Simulation analysis and application

Proactive defense

We considered a random scale-free networks (SFNs) with a total number of nodes \(N = 1000\) and average connectivity degree of \(\left\langle k \right\rangle \approx 4\), and focused on global cascades triggered by initial attacks on a small fraction \(\rho = 0.001\) of most loaded nodes. The simulation is based on SFNs and it is hoped that similar results will also be applicable to other networks with heterogeneous distribution of loads. Each value was obtained by averaging results from 20 independent networks.

It is an an effective method of active defense that when the network is attacked, some nodes are proactively removed to reduce the impact of cascading failures and achieve the purpose of reducing network damage. The proactive removal strategy in this paper is removing the marginal nodes layer by layer from the outer layer to the inner layer.
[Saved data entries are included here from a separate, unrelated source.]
(* Let $\psi$ be a 3-CNF formula and let $F_\psi$ be the signed digraph constructed from it as described in the context. Then $\psi$ is not satisfiable if and only if every Boolean network on $F_\psi$ is synchronizing.
   Context: $\psi$ is a 3-CNF formula over variables $\lambda_1,\dots,\lambda_n$ ($n\ge 2$) with clauses $\mu_1,\dots,\mu_m$ ($m\ge1$). Each variable $\lambda_r$ has literals $\lambda_r^+,\lambda_r^-$; each clause is a set of three literals written $\mu_s=\{\mu_{s,1},\mu_{s,2},\mu_{s,3}\}$ in a fixed order. $z\in\{0,1\}^n$ satisfies $\lambda_r^+$ if $z_r=1$ and $\lambda_r^-$ if $z_r=0$; $\psi$ is satisfiable if some $z$ satisfies a literal in every clause. $H_\psi$ is the signed digraph with vertices: all literals $\lambda_r^\pm$, $\ell_0,\dots,\ell_n$, $\mu'_1,\dots,\mu'_m$, $\mu_1,\dots,\mu_m$, $c_1,\dots,c_m$; arcs, for $r\in[n]$, $s\in[m]$: $(\ell_{r-1},\lambda_r^\pm)$, $(\lambda_r^\pm,\ell_r)$, $(c_1,\ell_0)$, $(\mu_{s,1},\mu'_s),(\mu_{s,2},\mu'_s),(\mu_{s,3},\mu_s),(\mu'_s,\mu_s)$ (with $\mu_{s,k}$ the literal vertex), $(\mu_s,c_s)$, $(c_{s+1},c_s)$ with $c_{m+1}=\ell_n$; the arcs $(\mu_s,c_s)$ are negative, all others positive. $F_\psi$ is obtained from $H_\psi$ by: adding a vertex $t$ and a positive arc $(t,i)$ for each literal vertex $i$; making the arc $(c_1,\ell_0)$ negative; deleting each arc $(\mu_s,c_s)$; and adding, for each $s\in[m]$, new vertices $q_s,q'_s$ with positive arcs $(\mu_s,q'_s),(\mu_s,q_s),(q'_s,q_s),(q_s,c_s)$. A signed digraph is $(V,E)$ with $E\subseteq V\times V\times\{-1,1\}$. A Boolean network (BN) is $f:\{0,1\}^V\to\{0,1\}^V$; its signed interaction digraph has a positive (negative) arc from $j$ to $i$ iff for some $x$ with $x_j=0$, $f_i(x+e_j)-f_i(x)$ is positive (negative); a BN on $G$ is one whose signed interaction digraph is $G$. $f^i(x)$ is $x$ with $x_i$ replaced by $f_i(x)$; $f^{i_1\cdots i_\ell}=f^{i_\ell}\circ\cdots\circ f^{i_1}$; $f$ is synchronizing if $f^w$ is constant for some word $w$. *)

theory Defs
  imports Main
begin

text \<open>A literal is a pair (r, b): (r, True) is the positive literal of variable r,
  (r, False) the negative one. A clause is an ordered triple of literals
  (mu_{s,1}, mu_{s,2}, mu_{s,3}); a formula is a list of clauses mu_1 .. mu_m
  over variables 1..n.\<close>

type_synonym lit = "nat \<times> bool"
type_synonym clause = "lit \<times> lit \<times> lit"

definition cl1 :: "clause list \<Rightarrow> nat \<Rightarrow> lit" where
  "cl1 cs s = fst (cs ! (s - 1))"
definition cl2 :: "clause list \<Rightarrow> nat \<Rightarrow> lit" where
  "cl2 cs s = fst (snd (cs ! (s - 1)))"
definition cl3 :: "clause list \<Rightarrow> nat \<Rightarrow> lit" where
  "cl3 cs s = snd (snd (cs ! (s - 1)))"

definition wf_3cnf :: "nat \<Rightarrow> clause list \<Rightarrow> bool" where
  "wf_3cnf n cs \<longleftrightarrow> (\<forall>(a, b, c) \<in> set cs.
      fst a \<in> {1..n} \<and> fst b \<in> {1..n} \<and> fst c \<in> {1..n} \<and>
      a \<noteq> b \<and> a \<noteq> c \<and> b \<noteq> c)"

definition sat_lit :: "(nat \<Rightarrow> bool) \<Rightarrow> lit \<Rightarrow> bool" where
  "sat_lit z l \<longleftrightarrow> z (fst l) = snd l"

definition satisfiable :: "nat \<Rightarrow> clause list \<Rightarrow> bool" where
  "satisfiable n cs \<longleftrightarrow> (\<exists>z :: nat \<Rightarrow> bool.
      \<forall>s \<in> {1..length cs}. sat_lit z (cl1 cs s) \<or> sat_lit z (cl2 cs s) \<or> sat_lit z (cl3 cs s))"

datatype vtx = Lit nat bool | Lv nat | MuP nat | Mu nat | Cv nat | Tv | Qv nat | QPv nat

definition litv :: "lit \<Rightarrow> vtx" where
  "litv l = Lit (fst l) (snd l)"

definition H_verts :: "nat \<Rightarrow> clause list \<Rightarrow> vtx set" where
  "H_verts n cs = {Lit r b | r b. r \<in> {1..n}} \<union> Lv ` {0..n} \<union>
     MuP ` {1..length cs} \<union> Mu ` {1..length cs} \<union> Cv ` {1..length cs}"

text \<open>c_{m+1} = l_n\<close>
definition cnext :: "nat \<Rightarrow> clause list \<Rightarrow> nat \<Rightarrow> vtx" where
  "cnext n cs s = (if s = length cs then Lv n else Cv (s + 1))"

definition H_arcs :: "nat \<Rightarrow> clause list \<Rightarrow> (vtx \<times> vtx \<times> int) set" where
  "H_arcs n cs =
     {(Lv (r - 1), Lit r b, 1) | r b. r \<in> {1..n}} \<union>
     {(Lit r b, Lv r, 1) | r b. r \<in> {1..n}} \<union>
     {(Cv 1, Lv 0, 1)} \<union>
     {(litv (cl1 cs s), MuP s, 1) | s. s \<in> {1..length cs}} \<union>
     {(litv (cl2 cs s), MuP s, 1) | s. s \<in> {1..length cs}} \<union>
     {(litv (cl3 cs s), Mu s, 1) | s. s \<in> {1..length cs}} \<union>
     {(MuP s, Mu s, 1) | s. s \<in> {1..length cs}} \<union>
     {(Mu s, Cv s, -1) | s. s \<in> {1..length cs}} \<union>
     {(cnext n cs s, Cv s, 1) | s. s \<in> {1..length cs}}"

definition F_verts :: "nat \<Rightarrow> clause list \<Rightarrow> vtx set" where
  "F_verts n cs = H_verts n cs \<union> {Tv} \<union> Qv ` {1..length cs} \<union> QPv ` {1..length cs}"

definition F_arcs :: "nat \<Rightarrow> clause list \<Rightarrow> (vtx \<times> vtx \<times> int) set" where
  "F_arcs n cs =
     ((H_arcs n cs - {(Cv 1, Lv 0, 1)} - {(Mu s, Cv s, -1) | s. s \<in> {1..length cs}})
      \<union> {(Cv 1, Lv 0, -1)}
      \<union> {(Tv, Lit r b, 1) | r b. r \<in> {1..n}}
      \<union> {(Mu s, QPv s, 1) | s. s \<in> {1..length cs}}
      \<union> {(Mu s, Qv s, 1) | s. s \<in> {1..length cs}}
      \<union> {(QPv s, Qv s, 1) | s. s \<in> {1..length cs}}
      \<union> {(Qv s, Cv s, 1) | s. s \<in> {1..length cs}})"

text \<open>Configurations in {0,1}^V are represented by functions that are False outside V.
  A BN on V is a map f sending configurations to configurations (only its values on
  configurations matter).\<close>

definition states :: "'v set \<Rightarrow> ('v \<Rightarrow> bool) set" where
  "states V = {x. \<forall>v. v \<notin> V \<longrightarrow> \<not> x v}"

definition is_BN :: "'v set \<Rightarrow> (('v \<Rightarrow> bool) \<Rightarrow> ('v \<Rightarrow> bool)) \<Rightarrow> bool" where
  "is_BN V f \<longleftrightarrow> (\<forall>x \<in> states V. f x \<in> states V)"

definition interaction_arcs :: "'v set \<Rightarrow> (('v \<Rightarrow> bool) \<Rightarrow> ('v \<Rightarrow> bool)) \<Rightarrow> ('v \<times> 'v \<times> int) set" where
  "interaction_arcs V f =
     {(j, i, 1) | j i. j \<in> V \<and> i \<in> V \<and>
        (\<exists>x \<in> states V. \<not> x j \<and> \<not> f x i \<and> f (x(j := True)) i)} \<union>
     {(j, i, -1) | j i. j \<in> V \<and> i \<in> V \<and>
        (\<exists>x \<in> states V. \<not> x j \<and> f x i \<and> \<not> f (x(j := True)) i)}"

definition BN_on :: "'v set \<Rightarrow> ('v \<times> 'v \<times> int) set \<Rightarrow> (('v \<Rightarrow> bool) \<Rightarrow> ('v \<Rightarrow> bool)) \<Rightarrow> bool" where
  "BN_on V E f \<longleftrightarrow> is_BN V f \<and> interaction_arcs V f = E"

definition upd_at :: "(('v \<Rightarrow> bool) \<Rightarrow> ('v \<Rightarrow> bool)) \<Rightarrow> 'v \<Rightarrow> ('v \<Rightarrow> bool) \<Rightarrow> ('v \<Rightarrow> bool)" where
  "upd_at f i x = x(i := f x i)"

definition upd_word :: "(('v \<Rightarrow> bool) \<Rightarrow> ('v \<Rightarrow> bool)) \<Rightarrow> 'v list \<Rightarrow> ('v \<Rightarrow> bool) \<Rightarrow> ('v \<Rightarrow> bool)" where
  "upd_word f w x = foldl (\<lambda>y i. upd_at f i y) x w"

definition synchronizing :: "'v set \<Rightarrow> (('v \<Rightarrow> bool) \<Rightarrow> ('v \<Rightarrow> bool)) \<Rightarrow> bool" where
  "synchronizing V f \<longleftrightarrow>
     (\<exists>w. set w \<subseteq> V \<and> (\<exists>c. \<forall>x \<in> states V. upd_word f w x = c))"

end

theory Submission
  imports Defs
begin

(*
  Every Boolean network on F_psi is a gate network: t is constant, l_0 negates c_1, q'_s copies
  mu_s, and every other vertex applies AND or OR to its two in-neighbours, because a monotone
  Boolean function of two essential arguments is one of these.

  If z satisfies psi, take t = 1, OR at mu'_s, mu_s and at the literals made true by z, and AND
  everywhere else. As long as t, the true literals and the clause gadgets are 1 (which every update
  preserves), each vertex of the cycle through l_0, the false literals, l_1, ..., l_n, c_m, ..., c_1
  copies its predecessor on the cycle, l_0 with a negation; so two configurations that differ
  exactly on the cycle never merge.

  Conversely, without the arc c_1 -> l_0 the digraph is acyclic, so updating l_0 and then all other
  vertices in topological order sends every configuration to the fixed point fp y with value y at
  l_0, and fp y is monotone in y. It therefore suffices to make fp True and fp False agree at c_1.
  Call a vertex live if its value in fp y is y. If no q_s were live while c_1 is, making true
  exactly the positive literals that are not live would satisfy psi. For the first live q_s, a
  sweep that skips q'_s (if the successor of c_s is not live) or q_s (if it is) gives one input of
  a gate the value y and the other the value not y, which makes c_s, and hence c_1, independent of y.
*)

section \<open>Boolean networks with few inputs per vertex\<close>

definition gate :: "bool \<Rightarrow> bool \<Rightarrow> bool \<Rightarrow> bool" where
  "gate b u v = (if b then u \<and> v else u \<or> v)"

lemma gate_same [simp]: "gate b u u = u"
  by (simp add: gate_def)

lemma gate_neg_left [simp]: "gate b (\<not> v) v = (\<not> b)"
  by (auto simp: gate_def)

lemma gate_neg_right [simp]: "gate b v (\<not> v) = (\<not> b)"
  by (auto simp: gate_def)

lemma monotone_essential_is_gate:
  fixes h :: "bool \<Rightarrow> bool \<Rightarrow> bool"
  assumes "\<And>q. h False q \<Longrightarrow> h True q" and "\<And>p. h p False \<Longrightarrow> h p True"
    and "\<exists>q. \<not> h False q \<and> h True q" and "\<exists>p. \<not> h p False \<and> h p True"
  shows "h p q = gate (\<not> h True False) p q"
proof -
  obtain q0 where q0: "\<not> h False q0" "h True q0"
    using assms(3) by blast
  obtain p0 where p0: "\<not> h p0 False" "h p0 True"
    using assms(4) by blast
  show ?thesis
    using assms(1)[of False] assms(1)[of True] assms(2)[of False] assms(2)[of True] q0 p0
    by (cases q0; cases p0; cases p; cases q) (auto simp: gate_def)
qed

lemma fun_upd_in_states: "x \<in> states V \<Longrightarrow> j \<in> V \<Longrightarrow> x(j := c) \<in> states V"
  by (auto simp: states_def)

lemma interaction_arcs_iff:
  "(j, i, sg) \<in> interaction_arcs V f \<longleftrightarrow> j \<in> V \<and> i \<in> V \<and>
     (sg = 1 \<and> (\<exists>x\<in>states V. \<not> x j \<and> \<not> f x i \<and> f (x(j := True)) i) \<or>
      sg = -1 \<and> (\<exists>x\<in>states V. \<not> x j \<and> f x i \<and> \<not> f (x(j := True)) i))"
  unfolding interaction_arcs_def by auto

lemma BN_on_upd_non_input:
  assumes bn: "BN_on V E f" and x: "x \<in> states V" and j: "j \<in> V"
    and no_arc: "\<And>sg. (j, i, sg) \<notin> E"
  shows "f (x(j := b)) i = f x i"
proof -
  have flip: "f (x(j := True)) i = f (x(j := False)) i"
  proof (rule ccontr)
    assume ne: "f (x(j := True)) i \<noteq> f (x(j := False)) i"
    let ?z = "x(j := False)"
    have z: "?z \<in> states V" "?z(j := True) = x(j := True)"
      using fun_upd_in_states[OF x j] by auto
    have "f y i \<longrightarrow> i \<in> V" if "y \<in> states V" for y
      using bn that unfolding BN_on_def is_BN_def states_def by blast
    then have "i \<in> V"
      using ne fun_upd_in_states[OF x j] by blast
    moreover have "\<not> ?z j"
      by simp
    ultimately have "(j, i, 1) \<in> interaction_arcs V f \<or> (j, i, -1) \<in> interaction_arcs V f"
    proof (cases "f ?z i")
      case True
      have "(j, i, -1) \<in> interaction_arcs V f"
        unfolding interaction_arcs_iff using ne j z \<open>i \<in> V\<close> True
        by (intro conjI disjI2 bexI[of _ ?z]) simp_all
      then show ?thesis ..
    next
      case False
      have "(j, i, 1) \<in> interaction_arcs V f"
        unfolding interaction_arcs_iff using ne j z \<open>i \<in> V\<close> False
        by (intro conjI disjI1 bexI[of _ ?z]) simp_all
      then show ?thesis ..
    qed
    then show False
      using bn no_arc unfolding BN_on_def by blast
  qed
  have "f (x(j := b)) i = f (x(j := c)) i" for b c
    using flip by (cases b; cases c) auto
  from this[of b "x j"] show ?thesis
    by simp
qed
(* Let $\lambda>0$, $n\ge0$ an integer and $x\in[-1,1]$. Then $$D^\lambda_+C^\lambda_n(x)=c_{n,\lambda}\frac{n(n+2\lambda)}{n+\lambda}\,\frac{1+x}2\,{}_2F_1\!\Big(-n+1,\,n+2\lambda+1;\,\lambda+1;\,\tfrac{1-x}2\Big),$$ $$D^\lambda_-C^\lambda_n(x)=c_{n,\lambda}\frac{n(n+2\lambda)}{\lambda+1}\,\frac{1-x}2\,{}_2F_1\!\Big(-n+1,\,n+2\lambda+1;\,\lambda+2;\,\tfrac{1-x}2\Big),$$ where $c_{n,\lambda}=\frac{\sqrt\pi(2\lambda)_n}{n!}\frac{\Gamma(\lambda+\frac12)}{\Gamma(\lambda+1)}$.
   Context: $C^\mu_n$ are Gegenbauer polynomials with generating function $(1-2xr+r^2)^{-\mu}$; ${}_2F_1$ is the Gauss hypergeometric function and $(a)_k$ the Pochhammer symbol. For $f$ absolutely continuous on $[-1,1]$ and $\lambda\ge0$: $D^\lambda_+f(x)=(1+x)\frac{d}{dx}\Big\{(1+x)^{-\lambda}\int_{-1}^x(x-\tau)^{-1/2}(1+\tau)^{\lambda-1/2}f(\tau)\,d\tau\Big\}$, $D^\lambda_-f(x)=(1-x)\frac{d}{dx}\Big\{(1-x)^{-\lambda}\int_x^1(\tau-x)^{-1/2}(1-\tau)^{\lambda-1/2}f(\tau)\,d\tau\Big\}$. *)

theory Defs
  imports "HOL-Analysis.Analysis" "HOL-Computational_Algebra.Formal_Power_Series"
begin

text \<open>Gegenbauer polynomial: coefficient of r^n in the formal power series
  (1 - 2 x r + r^2)^(-mu) = (1 + u)^(-mu) with u = r^2 - 2 x r.\<close>
definition gegenbauer :: "nat \<Rightarrow> real \<Rightarrow> real \<Rightarrow> real" where
  "gegenbauer n mu x =
     fps_nth (fps_compose (fps_binomial (- mu)) (fps_X ^ 2 - fps_const (2 * x) * fps_X)) n"
(* Fix $n,L\ge1$, $a_0\in\mathbb{R}^L_{++}$ with $\sum_\ell a_{0,\ell}=1$, and vectors $\hat b_\ell=(\hat b_{\ell,0},\dots,\hat b_{\ell,L})\ge0$ ($\ell=1,\dots,L$) with $\hat b_{\ell,0}>0$ and $\sum_{\ell'=0}^L\hat b_{\ell,\ell'}=1$. There exists $\bar\varepsilon>0$ such that, whenever the requirements are $b_\ell=(1-\varepsilon_\ell)\hat b_\ell$ with $\varepsilon_\ell\in(0,\bar\varepsilon)$ for all $\ell$, every $\mathcal{Q}$-clustered structure $a^{\mathcal{Q}}$ (for every partition $\mathcal{Q}$ of $\{1,\dots,n\}$) is a Nash equilibrium of the $n$-fold replicate game $\mathcal{G}^n(a_0,b)$.
   Context: Base game: sectors $0$ (labor) and $1,\dots,L$; household consumption shares $a_0\in\mathbb{R}^L_{++}$, $\sum a_{0,\ell}=1$; sector-$\ell$ requirements $b_\ell=(b_{\ell,0},\dots,b_{\ell,L})\ge0$, $b_{\ell,0}>0$, $\sum_{\ell'}b_{\ell,\ell'}\le1$. The $n$-fold replicate $\mathcal{G}^n(a_0,b)$: firms $M=\{1,\dots,nL\}$, $M_\ell=\{(\ell-1)n+1,\dots,\ell n\}$ (firm $(\ell-1)n+c$ is the sector-$\ell$ firm of country $c\in\{1,\dots,n\}$); household share $a_{0,i}=a_{0,\ell}/n$ for $i\in M_\ell$; every $i\in M_\ell$ has requirement vector $b_\ell$ and $\varepsilon_i=1-\sum_{\ell'}b_{\ell,\ell'}$. Firm $i$ chooses $a_i\in S_i=\{a_i\in\mathbb{R}^{M\cup\{0\}}_+: a_{i,0}=b_{\ell,0},\ \sum_{j\in M_{\ell'}}a_{i,j}=b_{\ell,\ell'}\ \forall\ell'\ge1\}$ and receives payoff $\pi_i(a)=\varepsilon_i\bar v_i$, where $\bar v$ solves $\bar v_j=a_{0,j}+a_{0,j}\sum_k\varepsilon_k\bar v_k+\sum_ka_{k,j}\bar v_k$ ($j\in M$), $\sum_ka_{k,0}\bar v_k=1$. For a partition $\mathcal{Q}=\{Q_1,\dots,Q_K\}$ of $\{1,\dots,n\}$ let $Q_{\ell,k}=\{(\ell-1)n+c:c\in Q_k\}$. The $\mathcal{Q}$-clustered structure $a^{\mathcal{Q}}$: for $i\in Q_{\ell,k}$, $a_{i,0}=b_{\ell,0}$, $a_{i,i}=b_{\ell,\ell}$, $a_{i,j}=0$ for $j\in Q_{\ell,k}\setminus\{i\}$, $a_{i,j}=b_{\ell,\ell'}/|Q_k|$ for $j\in Q_{\ell',k}$ with $\ell'\notin\{0,\ell\}$, and $a_{i,j}=0$ otherwise. *)

theory Defs
  imports Complex_Main "HOL-Library.Disjoint_Sets"
begin

text \<open>Sectors are 1..L (0 = labor).
  Firms are the naturals 1..n*L; firm (l-1)*n+c is the sector-l firm of country c.
  a0 l is the household share of sector l; b l l' is the requirement of sector l
  for input l' (l' = 0 is labor). A strategy profile is a :: nat => nat => real,
  with a i j the share firm i buys from j (j = 0 labor).\<close>

definition firms :: "nat \<Rightarrow> nat \<Rightarrow> nat set" where
  "firms n L = {1..n*L}"

definition sector :: "nat \<Rightarrow> nat \<Rightarrow> nat" where
  "sector n i = (i - 1) div n + 1"

definition country :: "nat \<Rightarrow> nat \<Rightarrow> nat" where
  "country n i = (i - 1) mod n + 1"

definition sector_firms :: "nat \<Rightarrow> nat \<Rightarrow> nat set" where
  "sector_firms n l = {(l - 1) * n + 1 .. l * n}"

definition hh_share :: "nat \<Rightarrow> (nat \<Rightarrow> real) \<Rightarrow> nat \<Rightarrow> real" where
  "hh_share n a0 j = a0 (sector n j) / real n"

definition firm_eps :: "nat \<Rightarrow> nat \<Rightarrow> (nat \<Rightarrow> nat \<Rightarrow> real) \<Rightarrow> nat \<Rightarrow> real" where
  "firm_eps n L b i = 1 - (\<Sum>l'=0..L. b (sector n i) l')"

definition strat_set :: "nat \<Rightarrow> nat \<Rightarrow> (nat \<Rightarrow> nat \<Rightarrow> real) \<Rightarrow> nat \<Rightarrow> (nat \<Rightarrow> real) set" where
  "strat_set n L b i = {x. (\<forall>j. 0 \<le> x j) \<and> (\<forall>j. j \<notin> insert 0 (firms n L) \<longrightarrow> x j = 0)
      \<and> x 0 = b (sector n i) 0
      \<and> (\<forall>l'\<in>{1..L}. (\<Sum>j\<in>sector_firms n l'. x j) = b (sector n i) l')}"

definition value_eqs :: "nat \<Rightarrow> nat \<Rightarrow> (nat \<Rightarrow> real) \<Rightarrow> (nat \<Rightarrow> nat \<Rightarrow> real)
    \<Rightarrow> (nat \<Rightarrow> nat \<Rightarrow> real) \<Rightarrow> (nat \<Rightarrow> real) \<Rightarrow> bool" where
  "value_eqs n L a0 b a v \<longleftrightarrow>
     (\<forall>j\<in>firms n L. v j = hh_share n a0 j
         + hh_share n a0 j * (\<Sum>k\<in>firms n L. firm_eps n L b k * v k)
         + (\<Sum>k\<in>firms n L. a k j * v k))
     \<and> (\<Sum>k\<in>firms n L. a k 0 * v k) = 1"

definition vbar :: "nat \<Rightarrow> nat \<Rightarrow> (nat \<Rightarrow> real) \<Rightarrow> (nat \<Rightarrow> nat \<Rightarrow> real)
    \<Rightarrow> (nat \<Rightarrow> nat \<Rightarrow> real) \<Rightarrow> nat \<Rightarrow> real" where
  "vbar n L a0 b a = (THE v. value_eqs n L a0 b a v \<and> (\<forall>j. j \<notin> firms n L \<longrightarrow> v j = 0))"

definition payoff :: "nat \<Rightarrow> nat \<Rightarrow> (nat \<Rightarrow> real) \<Rightarrow> (nat \<Rightarrow> nat \<Rightarrow> real)
    \<Rightarrow> nat \<Rightarrow> (nat \<Rightarrow> nat \<Rightarrow> real) \<Rightarrow> real" where
  "payoff n L a0 b i a = firm_eps n L b i * vbar n L a0 b a i"

definition nash_eq :: "nat \<Rightarrow> nat \<Rightarrow> (nat \<Rightarrow> real) \<Rightarrow> (nat \<Rightarrow> nat \<Rightarrow> real)
    \<Rightarrow> (nat \<Rightarrow> nat \<Rightarrow> real) \<Rightarrow> bool" where
  "nash_eq n L a0 b a \<longleftrightarrow>
     (\<forall>i\<in>firms n L. a i \<in> strat_set n L b i) \<and>
     (\<forall>i\<in>firms n L. \<forall>x\<in>strat_set n L b i.
         payoff n L a0 b i (a(i := x)) \<le> payoff n L a0 b i a)"

definition cluster_of :: "nat set set \<Rightarrow> nat \<Rightarrow> nat set" where
  "cluster_of Q c = (THE S. S \<in> Q \<and> c \<in> S)"

definition clustered :: "nat \<Rightarrow> nat \<Rightarrow> (nat \<Rightarrow> nat \<Rightarrow> real) \<Rightarrow> nat set set
    \<Rightarrow> nat \<Rightarrow> nat \<Rightarrow> real" where
  "clustered n L b Q i j =
     (if i \<notin> firms n L then 0
      else if j = 0 then b (sector n i) 0
      else if j = i then b (sector n i) (sector n i)
      else if j \<in> firms n L \<and> sector n j \<noteq> sector n i
              \<and> country n j \<in> cluster_of Q (country n i)
        then b (sector n i) (sector n j) / real (card (cluster_of Q (country n i)))
      else 0)"

end

theory Submission
  imports Defs
begin

text \<open>Values solve \<open>v = h (1 + e \<cdot> v) + a\<^sup>T v\<close> with labor as numeraire, so \<open>v = u / (\<Sum>k. a k 0 u k)\<close>
  where \<open>u = h + a\<^sup>T u\<close> is gross output. If firm \<open>i\<close> replaces its row \<open>a i\<close> by \<open>x\<close>, then
  \<open>f \<cdot> (u' - u) = u' i \<cdot> (p \<cdot> (x - a i))\<close> for every \<open>f\<close>, where \<open>p = f + a p\<close>.
  For \<open>f\<close> the labor shares, \<open>p\<close> is the labor content of a firm, which depends only on its
  sector; all strategies buy the same amount from each sector, so the numeraire does not move.
  For \<open>f\<close> the indicator of \<open>i\<close>, \<open>p\<close> is the downstream weight of \<open>i\<close>. Under the clustered
  structure it vanishes outside the cluster of \<open>i\<close> and, inside it, is constant on each sector
  except that \<open>i\<close> weighs at least as much as its own sector; so within every sector the
  suppliers of \<open>i\<close> have maximal weight and no deviation raises \<open>u i\<close>, hence the payoff of \<open>i\<close>.
  Nothing beyond \<open>0 < eps l < 1\<close> is used, so \<open>ebar = 1\<close> works.\<close>

section \<open>Nonnegative solutions of substochastic linear systems\<close>

primrec neumann_iter :: "'a set \<Rightarrow> ('a \<Rightarrow> real) \<Rightarrow> ('a \<Rightarrow> 'a \<Rightarrow> real) \<Rightarrow> nat \<Rightarrow> 'a \<Rightarrow> real" where
  "neumann_iter S f M 0 = (\<lambda>j. 0)"
| "neumann_iter S f M (Suc m) = (\<lambda>j. f j + (\<Sum>k\<in>S. M j k * neumann_iter S f M m k))"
Nodes are removed from the network because of two reasons: one reason is failure caused by attacked or energy overload; another reason is that the node loses its connection to the network (such as nodes \(v_{5}\) and \(v_{6}\)). Therefore, we recorded two results: the number of cascading failed nodes (CFNs) and the total number of failed nodes (TFNs). Here, \(f\) is the ratio of the number of proactively removed marginal nodes to the all of marginal nodes. In the initial stage, with the increase of proactive removal of marginal nodes, the cascading effect was alleviated and the TFNs decreased, as depicted by the solid circles in Fig. 4. When the number of proactively removed nodes exceeds the critical point, the damage caused by proactive removal exceeds the cascading effect, the TFNs increase again. However, the number of nodes that failed because of overload decreased with the number of proactively removed marginal nodes increased, as depicted in the solid square. This phenomenon indicates that the proactive removal of marginal nodes reduced the effect of redistribution of loads, which is critical for repairing the network. CFNs should first be repaired (or replaced) before being brought into the network. The nodes that are simply disconnected from the network do not need to be specially repaired, and can work directly as long as they are reconnected to the network. Therefore, the reduction of CFNs is better both in the economic and the repair efficiency.

Figure 4
figure 4

Failed nodes as a function of the fraction \(f\) of nodes proactively removed.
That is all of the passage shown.